In Transit

Today was mostly a travelling day, but driving back to Cairo from Alexandria we continued to enjoy watching the world go by:

andcatching our flight to Aswan in southern (Upper) Egypt where I am writing now. I always love people-watching at airports, but Cairo was the most exotic yet:

Colourful Afghani Women

We gaze at them, and they glance over their shoulder at us.

It was like this everywhere we went – local Egyptians were just as curious about us as we were about them.  They were wonderful to us; many people walked up to us and said, “Welcome to Egypt!”  Today we were standing outside a convenience store and a woman came out and called to us, “Welcome!  Is there anything you need?  Can I get you anything?”  Another told us she wanted to visit Great Britain but she was too afraid to go because she felt her English wasn’t good enough.  It was almost perfect and we assured her that it was.  Whether or not she would be able to understand some of Britain’s thicker regional accents remains a question, but we certainly didn’t raise it with her.
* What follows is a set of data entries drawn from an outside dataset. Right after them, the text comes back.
lemma cut_energy_scale_nbr:
  assumes X: "tri_pos n X" and j: "1 \<le> j" "j < n" and n: "3 \<le> n"
  shows "cut_energy n j (scale_nbr n j X) = cut_energy n (j-1) X"
proof -
  define s where "s = nbr_sum X n j"
  have "s > 0" "X n j > 0"
    using j n by (auto simp: s_def intro: nbr_sum_pos[OF X] tri_posD[OF X])
  have S: "scale_nbr n j X = upd2 X n j (X n j * s)"
    by (simp add: scale_nbr_def s_def)
  have "cut_term n j (scale_nbr n j X) i k = cut_term n (j-1) X i k"
    if ik: "(i,k) \<in> tri_idx n" for i k
  proof -
    consider "(i,k) = (n,j)" | "(i,k) = (n,j+1)" | "(i,k) \<noteq> (n,j)" "(i,k) \<noteq> (n,j+1)"
      by blast
    then show ?thesis
    proof cases
      case 1
      have "nbr_sum (scale_nbr n j X) n j = s"
        using j by (simp add: S s_def nbr_sum_upd2_other)
      with 1 \<open>s > 0\<close> \<open>X n j > 0\<close> j show ?thesis
        by (auto simp: cut_term_def energy_term_def S upd2_def)
    next
      case 2
      then show ?thesis by (auto simp: cut_term_def S upd2_def)
    next
      case 3
      with ik j have "i < n \<or> k \<le> j - 1 \<or> k > j + 1"
        by (auto simp: tri_idx_def)
      with ik j 3 show ?thesis
        unfolding S by (subst cut_term_upd2_other) (auto simp: tri_idx_def cut_term_def)
    qed
  qed
  moreover have "scale_nbr n j X 2 1 = X 2 1"
    using n by (simp add: S upd2_def)
  ultimately show ?thesis
    unfolding cut_energy_tri_idx by (auto intro!: sum.cong)
qed
lemma move_bump:
  assumes \<sigma>: "\<sigma> permutes {..<m}" and k: "k < m"
    and a: "length a = m" "\<And>j. j < m \<Longrightarrow> a ! j \<le> m - 1 - j"
    and z: "length z = m" and s: "1 \<le> s" and \<sigma>_term: "alternant_term m a (bump z s k) \<sigma>"
  obtains l where "move_bump s (k, \<sigma>) = (l, \<sigma> \<circ> Transposition.transpose k l)"
    "l < m" "l \<noteq> k" "\<sigma> \<circ> Transposition.transpose k l permutes {..<m}"
    "alternant_term m a (bump z s l) (\<sigma> \<circ> Transposition.transpose k l)"
    "move_bump s (l, \<sigma> \<circ> Transposition.transpose k l) = (k, \<sigma>)"
    "sign (\<sigma> \<circ> Transposition.transpose k l) = - sign \<sigma>"
proof -
  define l where "l = inv_into UNIV \<sigma> (\<sigma> k + s)"
  let ?\<tau> = "\<sigma> \<circ> Transposition.transpose k l"
  have bump: "bump z s q ! j = (if j = q then z ! q + s else z ! j)" if "q < m" for q j
    using that z by (simp add: nth_bump)
  have eq: "bump z s k ! j + (m - 1 - j) = a ! j + (m - 1 - \<sigma> j)" if "j < m" for j
    using \<sigma>_term that by (simp add: alternant_term_def)
  have "\<sigma> k < m"
    using permutes_lessThan_less[OF \<sigma> k] .
  then have "\<sigma> k + s < m"
    using eq[OF k] bump[OF k, of k] a(2)[OF k] k by simp
  then have l: "l < m" and \<sigma>_l: "\<sigma> l = \<sigma> k + s"
    using permutes_lessThan_less[OF permutes_inv[OF \<sigma>]] permutes_inverses(1)[OF \<sigma>]
    by (auto simp: l_def)
  then have lk: "l \<noteq> k"
    using s by auto
  have forth: "move_bump s (k, \<sigma>) = (l, ?\<tau>)"
    by (simp add: move_bump_def l_def Let_def)
  have \<tau>: "?\<tau> permutes {..<m}"
    using k l by (intro permutes_compose[OF permutes_swap_id \<sigma>]) auto
  have \<tau>_term: "alternant_term m a (bump z s l) ?\<tau>"
    unfolding alternant_term_def
  proof (intro allI impI)
    fix j
    assume "j < m"
    then show "bump z s l ! j + (m - 1 - j) = a ! j + (m - 1 - ?\<tau> j)"
      using eq[of j] eq[OF l] bump[OF k] bump[OF l] \<sigma>_l lk \<open>\<sigma> k + s < m\<close>
      by (cases "j = k"; cases "j = l") (auto simp: Transposition.transpose_def)
  qed
  have "inv_into UNIV ?\<tau> (?\<tau> l + s) = k"
    using permutes_inverses(2)[OF \<tau>, of k] \<sigma>_l by simp
  then have backward: "move_bump s (l, ?\<tau>) = (k, \<sigma>)"
    by (simp add: move_bump_def Let_def comp_assoc transpose_commute[of l k])
  have "sign ?\<tau> = - sign \<sigma>"
    using lk permutes_imp_permutation[OF _ \<sigma>]
    by (simp add: sign_compose permutation_swap_id sign_swap_id)
  with forth l lk \<tau> \<tau>_term backward show ?thesis
    by (rule that)
qed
At the airport, our wonderful guide Waleed explained the sign we saw at the airport for the turnoff to the “Seasonal Terminal.” One of the tenets of the muslim religion is the requirement to, at least once in your life, if you are able, make the pilgrimage to Mecca during the religious season of Hajj.  When a man from a village sets out for Mecca, his entire village comes to see him off. They arrive in caravans of busses and there is music and dancing and food eaten seated on the floor in the terminal. So you can imagine the chaos that would ensue at the international terminal. The villagers return to greet the returning pilgrim again and they will have the freedom of their own terminal to celebrate his return.  Wouldn’t that be wonderful to witness?  It takes place this year from August 30th to September 4th, probably the hottest time of year to visit Cairo.

“Seasonal Terminal”

Speaking of Waleed, he is a marvel. Our lovely guide is devoted to and passionate about his country and has a heart of gold. He has bought us many treats and if anyone shows an interest in something special, he makes it happen. He calls us, “Family” and we have become accustomed to hearing him bellow from down a museum hall when he needs us to gather: “Fam-i-leeeeee.” He’s also an archaeologist (and, seasonally, a farmer) and when we were at the pyramids he had people approach him, touch his arm and say, “Shalom, Doctor.” He is treated with great respect and we have had access to many sites (such as going down into the tomb at the Step Pyramid) that other groups did not.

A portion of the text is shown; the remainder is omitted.